PROMPT
A line below contains "fix y assume", and a later one contains "define c where". Repeat both, with every line between them, exactly.

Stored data
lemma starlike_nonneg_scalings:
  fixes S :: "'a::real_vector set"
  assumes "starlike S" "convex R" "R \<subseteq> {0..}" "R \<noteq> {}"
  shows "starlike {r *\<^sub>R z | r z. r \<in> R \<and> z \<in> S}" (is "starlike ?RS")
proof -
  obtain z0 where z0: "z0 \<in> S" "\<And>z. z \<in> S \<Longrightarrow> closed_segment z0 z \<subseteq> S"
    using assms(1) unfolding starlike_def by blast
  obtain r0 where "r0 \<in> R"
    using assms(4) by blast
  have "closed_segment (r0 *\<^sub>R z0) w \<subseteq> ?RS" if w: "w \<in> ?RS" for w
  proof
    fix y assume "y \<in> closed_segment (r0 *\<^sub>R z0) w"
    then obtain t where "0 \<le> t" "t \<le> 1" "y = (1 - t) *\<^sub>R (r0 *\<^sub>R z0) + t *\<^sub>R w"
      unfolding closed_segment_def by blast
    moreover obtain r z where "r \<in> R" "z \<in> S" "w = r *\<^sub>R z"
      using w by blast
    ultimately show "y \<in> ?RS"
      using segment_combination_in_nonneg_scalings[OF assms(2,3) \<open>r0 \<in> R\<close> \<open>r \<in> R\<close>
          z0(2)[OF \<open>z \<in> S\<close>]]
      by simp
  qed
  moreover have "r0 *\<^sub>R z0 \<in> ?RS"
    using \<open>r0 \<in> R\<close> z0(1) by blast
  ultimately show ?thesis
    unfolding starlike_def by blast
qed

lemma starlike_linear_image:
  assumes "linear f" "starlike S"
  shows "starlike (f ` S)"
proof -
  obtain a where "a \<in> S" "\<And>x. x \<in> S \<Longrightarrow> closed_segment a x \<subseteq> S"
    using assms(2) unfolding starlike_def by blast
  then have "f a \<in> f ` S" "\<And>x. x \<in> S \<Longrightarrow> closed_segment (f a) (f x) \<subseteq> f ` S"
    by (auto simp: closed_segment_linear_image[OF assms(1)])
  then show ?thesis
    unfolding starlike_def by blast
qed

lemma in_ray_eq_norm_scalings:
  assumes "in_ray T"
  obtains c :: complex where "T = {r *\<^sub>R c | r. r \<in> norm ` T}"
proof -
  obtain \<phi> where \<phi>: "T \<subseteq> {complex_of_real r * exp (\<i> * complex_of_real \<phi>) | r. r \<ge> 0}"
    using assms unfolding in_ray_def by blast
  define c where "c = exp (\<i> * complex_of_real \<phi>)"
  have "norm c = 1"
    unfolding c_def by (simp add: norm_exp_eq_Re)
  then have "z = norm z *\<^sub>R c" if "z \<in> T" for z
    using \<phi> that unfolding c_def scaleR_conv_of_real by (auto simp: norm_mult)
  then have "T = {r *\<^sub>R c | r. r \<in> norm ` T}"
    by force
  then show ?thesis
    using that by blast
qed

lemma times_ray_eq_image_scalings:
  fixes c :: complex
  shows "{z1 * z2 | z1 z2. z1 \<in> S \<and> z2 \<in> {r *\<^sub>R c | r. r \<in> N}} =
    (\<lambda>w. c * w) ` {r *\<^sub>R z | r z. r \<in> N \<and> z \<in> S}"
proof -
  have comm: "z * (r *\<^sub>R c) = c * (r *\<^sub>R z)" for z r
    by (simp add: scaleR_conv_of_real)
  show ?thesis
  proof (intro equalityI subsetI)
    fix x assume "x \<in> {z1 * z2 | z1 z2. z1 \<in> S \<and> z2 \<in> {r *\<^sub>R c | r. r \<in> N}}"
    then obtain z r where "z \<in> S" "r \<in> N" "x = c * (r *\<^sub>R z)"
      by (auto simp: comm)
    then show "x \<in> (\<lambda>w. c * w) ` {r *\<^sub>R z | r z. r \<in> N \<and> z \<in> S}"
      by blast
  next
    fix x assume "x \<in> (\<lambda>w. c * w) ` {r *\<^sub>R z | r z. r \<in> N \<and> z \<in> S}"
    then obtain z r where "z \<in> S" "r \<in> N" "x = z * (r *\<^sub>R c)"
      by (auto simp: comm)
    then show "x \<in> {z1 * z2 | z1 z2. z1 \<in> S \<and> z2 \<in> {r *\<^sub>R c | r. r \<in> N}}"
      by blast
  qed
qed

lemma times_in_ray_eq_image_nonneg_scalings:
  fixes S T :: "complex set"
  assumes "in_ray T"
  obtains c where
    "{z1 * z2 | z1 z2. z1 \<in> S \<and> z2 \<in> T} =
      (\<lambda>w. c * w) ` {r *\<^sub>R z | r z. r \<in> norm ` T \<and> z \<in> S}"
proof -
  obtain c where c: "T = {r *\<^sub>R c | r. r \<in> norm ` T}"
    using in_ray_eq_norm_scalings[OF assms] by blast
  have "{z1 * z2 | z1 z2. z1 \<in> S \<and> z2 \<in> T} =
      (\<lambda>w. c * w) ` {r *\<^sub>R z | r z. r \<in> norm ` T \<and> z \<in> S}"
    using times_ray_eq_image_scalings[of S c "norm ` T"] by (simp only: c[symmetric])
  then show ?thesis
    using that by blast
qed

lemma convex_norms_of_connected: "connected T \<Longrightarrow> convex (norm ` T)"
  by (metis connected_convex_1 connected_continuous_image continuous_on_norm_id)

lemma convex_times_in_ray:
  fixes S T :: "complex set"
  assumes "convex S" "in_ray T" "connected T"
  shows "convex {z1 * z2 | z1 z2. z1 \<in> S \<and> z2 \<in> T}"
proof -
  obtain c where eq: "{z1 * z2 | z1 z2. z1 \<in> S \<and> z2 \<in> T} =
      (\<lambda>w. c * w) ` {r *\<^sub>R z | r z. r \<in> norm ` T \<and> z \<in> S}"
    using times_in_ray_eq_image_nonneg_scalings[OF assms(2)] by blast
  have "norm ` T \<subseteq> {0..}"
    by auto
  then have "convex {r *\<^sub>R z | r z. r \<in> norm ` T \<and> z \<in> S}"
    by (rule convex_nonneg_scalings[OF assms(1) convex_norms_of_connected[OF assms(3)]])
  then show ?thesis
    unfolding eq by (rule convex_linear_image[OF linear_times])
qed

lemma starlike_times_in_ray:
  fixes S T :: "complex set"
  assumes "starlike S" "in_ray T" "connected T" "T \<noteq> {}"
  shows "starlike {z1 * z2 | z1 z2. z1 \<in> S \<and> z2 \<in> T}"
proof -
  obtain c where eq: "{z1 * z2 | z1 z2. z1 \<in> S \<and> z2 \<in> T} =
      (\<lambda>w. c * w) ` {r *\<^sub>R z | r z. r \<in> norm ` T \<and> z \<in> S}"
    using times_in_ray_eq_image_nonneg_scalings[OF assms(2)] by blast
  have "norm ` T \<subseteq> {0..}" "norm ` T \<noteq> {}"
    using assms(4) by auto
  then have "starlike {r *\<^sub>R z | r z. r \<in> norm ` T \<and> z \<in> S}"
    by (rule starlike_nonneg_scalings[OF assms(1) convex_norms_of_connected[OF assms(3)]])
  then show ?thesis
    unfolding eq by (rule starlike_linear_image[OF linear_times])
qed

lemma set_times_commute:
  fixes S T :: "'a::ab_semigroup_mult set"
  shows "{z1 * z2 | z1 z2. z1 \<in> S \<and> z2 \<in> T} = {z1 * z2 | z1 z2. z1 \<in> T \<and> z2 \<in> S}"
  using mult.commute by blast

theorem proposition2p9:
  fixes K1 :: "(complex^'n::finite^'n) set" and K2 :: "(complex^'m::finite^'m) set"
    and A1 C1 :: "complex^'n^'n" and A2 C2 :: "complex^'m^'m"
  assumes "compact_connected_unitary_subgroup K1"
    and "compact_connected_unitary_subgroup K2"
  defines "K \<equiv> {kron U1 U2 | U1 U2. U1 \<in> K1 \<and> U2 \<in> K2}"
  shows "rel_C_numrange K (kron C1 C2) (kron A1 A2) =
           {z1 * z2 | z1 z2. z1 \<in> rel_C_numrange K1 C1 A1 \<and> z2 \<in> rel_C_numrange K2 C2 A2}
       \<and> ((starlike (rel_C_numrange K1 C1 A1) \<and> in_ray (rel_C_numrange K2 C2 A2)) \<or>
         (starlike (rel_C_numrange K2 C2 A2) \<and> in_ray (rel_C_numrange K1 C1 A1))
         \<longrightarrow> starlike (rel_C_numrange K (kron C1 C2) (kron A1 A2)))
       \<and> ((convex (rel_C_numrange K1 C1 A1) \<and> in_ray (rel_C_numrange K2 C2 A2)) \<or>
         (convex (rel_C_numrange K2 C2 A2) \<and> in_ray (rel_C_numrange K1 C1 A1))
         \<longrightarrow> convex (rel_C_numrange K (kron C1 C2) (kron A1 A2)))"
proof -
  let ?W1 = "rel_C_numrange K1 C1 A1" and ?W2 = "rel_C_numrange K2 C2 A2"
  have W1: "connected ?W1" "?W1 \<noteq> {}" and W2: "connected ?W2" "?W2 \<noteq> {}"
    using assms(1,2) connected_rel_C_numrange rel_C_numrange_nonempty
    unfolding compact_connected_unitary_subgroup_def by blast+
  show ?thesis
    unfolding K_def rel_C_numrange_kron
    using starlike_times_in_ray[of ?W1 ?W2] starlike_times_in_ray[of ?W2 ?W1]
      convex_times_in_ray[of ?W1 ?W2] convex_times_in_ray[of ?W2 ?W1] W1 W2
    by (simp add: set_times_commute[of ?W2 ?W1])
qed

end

EXPECTED OUTPUT
    fix y assume "y \<in> closed_segment (r0 *\<^sub>R z0) w"
    then obtain t where "0 \<le> t" "t \<le> 1" "y = (1 - t) *\<^sub>R (r0 *\<^sub>R z0) + t *\<^sub>R w"
      unfolding closed_segment_def by blast
    moreover obtain r z where "r \<in> R" "z \<in> S" "w = r *\<^sub>R z"
      using w by blast
    ultimately show "y \<in> ?RS"
      using segment_combination_in_nonneg_scalings[OF assms(2,3) \<open>r0 \<in> R\<close> \<open>r \<in> R\<close>
          z0(2)[OF \<open>z \<in> S\<close>]]
      by simp
  qed
  moreover have "r0 *\<^sub>R z0 \<in> ?RS"
    using \<open>r0 \<in> R\<close> z0(1) by blast
  ultimately show ?thesis
    unfolding starlike_def by blast
qed

lemma starlike_linear_image:
  assumes "linear f" "starlike S"
  shows "starlike (f ` S)"
proof -
  obtain a where "a \<in> S" "\<And>x. x \<in> S \<Longrightarrow> closed_segment a x \<subseteq> S"
    using assms(2) unfolding starlike_def by blast
  then have "f a \<in> f ` S" "\<And>x. x \<in> S \<Longrightarrow> closed_segment (f a) (f x) \<subseteq> f ` S"
    by (auto simp: closed_segment_linear_image[OF assms(1)])
  then show ?thesis
    unfolding starlike_def by blast
qed

lemma in_ray_eq_norm_scalings:
  assumes "in_ray T"
  obtains c :: complex where "T = {r *\<^sub>R c | r. r \<in> norm ` T}"
proof -
  obtain \<phi> where \<phi>: "T \<subseteq> {complex_of_real r * exp (\<i> * complex_of_real \<phi>) | r. r \<ge> 0}"
    using assms unfolding in_ray_def by blast
  define c where "c = exp (\<i> * complex_of_real \<phi>)"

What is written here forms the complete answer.